text \<open>Since \<open>\<pi>\<^sub>k\<close> is bounded, \<open>\<phi>\<^sub>k\<^sup>2 \<le> const \<cdot> descent k\<close>, and the descents are summable.\<close>

lemma phi_tendsto_zero: "phi \<longlonglongrightarrow> 0"
proof -
  obtain P where P: "P \<ge> 0" "\<forall>k. pik k \<le> P" using pik_bounded by blast
  define c where "c = tau_lo * (2 - tau_up)"
  have c: "c > 0" unfolding c_def using params by simp
  have "norm (phi k) \<le> sqrt (P / c * descent k)" for k
  proof (cases "0 < phi k")
    case True
    then have "descent k = c * (phi k)\<^sup>2 / pik k" unfolding descent_def c_def by simp
    then have "(phi k)\<^sup>2 = pik k / c * descent k" using pik_pos[OF True] c by (simp add: field_simps)
    also have "\<dots> \<le> P / c * descent k"
      using P c descent_nonneg[of k] by (intro mult_right_mono divide_right_mono) auto
    finally show ?thesis using phi_nonneg[of k] by (simp add: real_le_rsqrt)
  next
    case False
    then show ?thesis using phi_nonneg[of k] P c descent_nonneg[of k] by simp
  qed
  moreover have "(\<lambda>k. sqrt (P / c * descent k)) \<longlonglongrightarrow> 0"
    using tendsto_real_sqrt[OF tendsto_mult_right_zero[OF summable_LIMSEQ_zero[OF descent_summable],
        of "P / c"]] by (simp only: real_sqrt_zero)
  ultimately show ?thesis by (rule null_sequence_if_norm_le)
qed

lemma resid_tendsto_zero:
  assumes i: "i \<in> {1..n}"
  shows "(\<lambda>k. resid k i) \<longlonglongrightarrow> 0"
proof -
  obtain \<kappa> where \<kappa>: "\<kappa> > 0" "\<forall>i\<in>{1..n}. \<forall>k. \<kappa> * (resid k i)\<^sup>2 / rho k i \<le> phi k"
    using phi_ge_resid by blast
  obtain R where R: "R > 0" "\<forall>k. \<forall>i\<in>{1..n}. rho k i \<le> R" using rho_bounded by blast
  have "norm (resid k i) \<le> sqrt (R / \<kappa> * phi k)" for k
  proof -
    have "\<kappa> * (resid k i)\<^sup>2 / R \<le> \<kappa> * (resid k i)\<^sup>2 / rho k i"
      using R i rho_pos[OF i, of k] \<kappa>(1) by (intro divide_left_mono) auto
    then have "\<kappa> * (resid k i)\<^sup>2 / R \<le> phi k" using \<kappa>(2) i by (meson order_trans)
    then have "(resid k i)\<^sup>2 \<le> R / \<kappa> * phi k" using R \<kappa>(1) by (simp add: field_simps)
    then show ?thesis unfolding resid_def by (simp add: real_le_rsqrt)
  qed
  moreover have "(\<lambda>k. sqrt (R / \<kappa> * phi k)) \<longlonglongrightarrow> 0"
    using tendsto_real_sqrt[OF tendsto_mult_right_zero[OF phi_tendsto_zero, of "R / \<kappa>"]]
    by (simp only: real_sqrt_zero)
  ultimately show ?thesis by (rule null_sequence_if_norm_le)
qed

lemma rho_ge_uniform: "\<exists>r>0. \<forall>i\<in>{1..n}. \<forall>k. r \<le> rho k i"
proof -
  obtain B where B: "B \<ge> 0" "\<forall>k. \<forall>i\<in>{1..n}. resid k i / rho k i \<le> B"
    using resid_div_rho_bounded by blast
  obtain R where R: "R > 0" "\<forall>k. \<forall>i\<in>{1..n}. rho k i \<le> R" using rho_bounded by blast
  have "resid k i \<le> R * B" if i: "i \<in> {1..n}" for k i
  proof -
    have "resid k i = rho k i * (resid k i / rho k i)" using rho_pos[OF i, of k] by simp
    also have "\<dots> \<le> R * B"
      using B R i rho_pos[OF i, of k] unfolding resid_def by (intro mult_mono) auto
    finally show ?thesis .
  qed
  then show ?thesis using rho_lower_bound[of "R * B"] R B by (metis less_imp_le mult_nonneg_nonneg)
qed

lemma resid_div_rho_tendsto_zero:
  assumes i: "i \<in> {1..n}"
  shows "(\<lambda>k. resid k i / rho k i) \<longlonglongrightarrow> 0"
proof -
  obtain r where r: "r > 0" "\<forall>i\<in>{1..n}. \<forall>k. r \<le> rho k i" using rho_ge_uniform by blast
  have "norm (resid k i / rho k i) \<le> resid k i / r" for k
    using r i rho_pos[OF i, of k] unfolding resid_def by (simp add: frac_le)
  moreover have "(\<lambda>k. resid k i / r) \<longlonglongrightarrow> 0" using resid_tendsto_zero[OF i] by (rule tendsto_divide_zero)
  ultimately show ?thesis by (rule null_sequence_if_norm_le)
qed

lemma G_z_sub_x_tendsto_zero:
  assumes "i \<in> {1..n}"
  shows "(\<lambda>k. G i (z k) - x k i) \<longlonglongrightarrow> 0"
  using resid_tendsto_zero[OF assms] unfolding resid_def tendsto_norm_zero_iff .

lemma w_sub_y_tendsto_zero:
  assumes i: "i \<in> {1..n}"
  shows "(\<lambda>k. w k i - y k i) \<longlonglongrightarrow> 0"
proof -
  obtain K where K: "\<forall>i\<in>{1..n}. \<forall>k. norm (y k i - w k i) \<le> K * (resid k i / rho k i)"
    using y_sub_w_le by blast
  have "norm (w k i - y k i) \<le> K * (resid k i / rho k i)" for k
    using K i by (simp add: norm_minus_commute)
  then show ?thesis
    using tendsto_mult_right_zero[OF resid_div_rho_tendsto_zero[OF i]] by (rule null_sequence_if_norm_le)
qed

lemma sum_resid_div_rho_tendsto_zero: "(\<lambda>k. \<Sum>j=1..n. resid k j / rho k j) \<longlonglongrightarrow> 0"
proof -
  have "(\<lambda>k. \<Sum>j=1..n. resid k j / rho k j) \<longlonglongrightarrow> (\<Sum>j=1..n. 0)"
    using resid_div_rho_tendsto_zero by (intro tendsto_sum) blast
  then show ?thesis by simp
qed

lemma v_u_le_sum:
  obtains K where "\<And>k. norm (v k) \<le> K * (\<Sum>j=1..n. resid k j / rho k j)"
    "\<And>k i. i \<in> {1..n-1} \<Longrightarrow> norm (u k i) \<le> K * (\<Sum>j=1..n. resid k j / rho k j)"
proof -
  have "resid k i / rho k i \<le> (\<Sum>j=1..n. resid k j / rho k j)" if "i \<in> {1..n}" for k i
  proof (rule member_le_sum[OF that])
    show "0 \<le> resid k j / rho k j" if "j \<in> {1..n} - {i}" for j
      using rho_pos[of j k] that unfolding resid_def by simp
  qed simp
  moreover obtain K where "\<forall>k M. (\<forall>i\<in>{1..n}. resid k i / rho k i \<le> M) \<longrightarrow>
      norm (v k) \<le> K * M \<and> (\<forall>i\<in>{1..n-1}. norm (u k i) \<le> K * M)"
    using v_u_le by blast
  ultimately show ?thesis using that[of K] by presburger
qed

lemma v_tendsto_zero: "v \<longlonglongrightarrow> 0"
proof -
  obtain K where K: "\<And>k. norm (v k) \<le> K * (\<Sum>j=1..n. resid k j / rho k j)"
    "\<And>k i. i \<in> {1..n-1} \<Longrightarrow> norm (u k i) \<le> K * (\<Sum>j=1..n. resid k j / rho k j)"
    using v_u_le_sum by blast
  show ?thesis
    using K(1) tendsto_mult_right_zero[OF sum_resid_div_rho_tendsto_zero] by (rule null_sequence_if_norm_le)
qed

lemma u_tendsto_zero:
  assumes "i \<in> {1..n-1}"
  shows "(\<lambda>k. u k i) \<longlonglongrightarrow> 0"
proof -
  obtain K where K: "\<And>k. norm (v k) \<le> K * (\<Sum>j=1..n. resid k j / rho k j)"
    "\<And>k i. i \<in> {1..n-1} \<Longrightarrow> norm (u k i) \<le> K * (\<Sum>j=1..n. resid k j / rho k j)"
    using v_u_le_sum by blast
  show ?thesis
    using K(2)[OF assms] tendsto_mult_right_zero[OF sum_resid_div_rho_tendsto_zero]
    by (rule null_sequence_if_norm_le)
qed
end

## TASK GOAL:
Give back exactly the lines of the listing above that run from the line with "using v_u_le by blast" to the line with "using K(1) tendsto_mult_right_zero[OF", inclusive.

## FINISHED EXERCISE:
    using v_u_le by blast
  ultimately show ?thesis using that[of K] by presburger
qed

lemma v_tendsto_zero: "v \<longlonglongrightarrow> 0"
proof -
  obtain K where K: "\<And>k. norm (v k) \<le> K * (\<Sum>j=1..n. resid k j / rho k j)"
    "\<And>k i. i \<in> {1..n-1} \<Longrightarrow> norm (u k i) \<le> K * (\<Sum>j=1..n. resid k j / rho k j)"
    using v_u_le_sum by blast
  show ?thesis
    using K(1) tendsto_mult_right_zero[OF sum_resid_div_rho_tendsto_zero] by (rule null_sequence_if_norm_le)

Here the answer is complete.